[Source data]
(* Let $\Omega=(0,\infty)\times\mathbb{R}^n$. The only bounded classical solution of the Cauchy problem $\mathcal{H}u=0$ in $\Omega$, $u(0,x)=0$ for $x\in\mathbb{R}^n$, is $u\equiv0$.
   Context: Let $X_1,\dots,X_m$ be smooth vector fields on $\mathbb{R}^n$, linearly independent in the vector space of smooth vector fields, satisfying: (H.1) there are reals $1=\sigma_1\le\dots\le\sigma_n$ such that, with $\delta_\lambda(x)=(\lambda^{\sigma_1}x_1,\dots,\lambda^{\sigma_n}x_n)$, $X_j(f\circ\delta_\lambda)=\lambda(X_jf)\circ\delta_\lambda$ for all $\lambda>0$, $f\in C^\infty(\mathbb{R}^n)$, $j=1,\dots,m$; (H.2) $\dim\{Y(0):Y\in\mathrm{Lie}\{X_1,\dots,X_m\}\}=n$, where $\mathrm{Lie}\{\cdot\}$ is the smallest Lie subalgebra of smooth vector fields containing the $X_j$. Assume $\dim\mathrm{Lie}\{X_1,\dots,X_m\}>n$. Let $\mathcal{H}=\sum_{j=1}^mX_j^2-\partial_t$ on $\mathbb{R}^{1+n}$. A classical solution is a function $u\in C^2(\Omega)$ with $\mathcal{H}u=0$ on $\Omega$, continuous up to $\overline{\Omega}$, with the prescribed values at $t=0$. *)

theory Defs
  imports "HOL-Analysis.Analysis"
begin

— THE TASK —
Reproduce every line above containing "Omega".

— YOUR RESPONSE —
(* Let $\Omega=(0,\infty)\times\mathbb{R}^n$. The only bounded classical solution of the Cauchy problem $\mathcal{H}u=0$ in $\Omega$, $u(0,x)=0$ for $x\in\mathbb{R}^n$, is $u\equiv0$.
   Context: Let $X_1,\dots,X_m$ be smooth vector fields on $\mathbb{R}^n$, linearly independent in the vector space of smooth vector fields, satisfying: (H.1) there are reals $1=\sigma_1\le\dots\le\sigma_n$ such that, with $\delta_\lambda(x)=(\lambda^{\sigma_1}x_1,\dots,\lambda^{\sigma_n}x_n)$, $X_j(f\circ\delta_\lambda)=\lambda(X_jf)\circ\delta_\lambda$ for all $\lambda>0$, $f\in C^\infty(\mathbb{R}^n)$, $j=1,\dots,m$; (H.2) $\dim\{Y(0):Y\in\mathrm{Lie}\{X_1,\dots,X_m\}\}=n$, where $\mathrm{Lie}\{\cdot\}$ is the smallest Lie subalgebra of smooth vector fields containing the $X_j$. Assume $\dim\mathrm{Lie}\{X_1,\dots,X_m\}>n$. Let $\mathcal{H}=\sum_{j=1}^mX_j^2-\partial_t$ on $\mathbb{R}^{1+n}$. A classical solution is a function $u\in C^2(\Omega)$ with $\mathcal{H}u=0$ on $\Omega$, continuous up to $\overline{\Omega}$, with the prescribed values at $t=0$. *)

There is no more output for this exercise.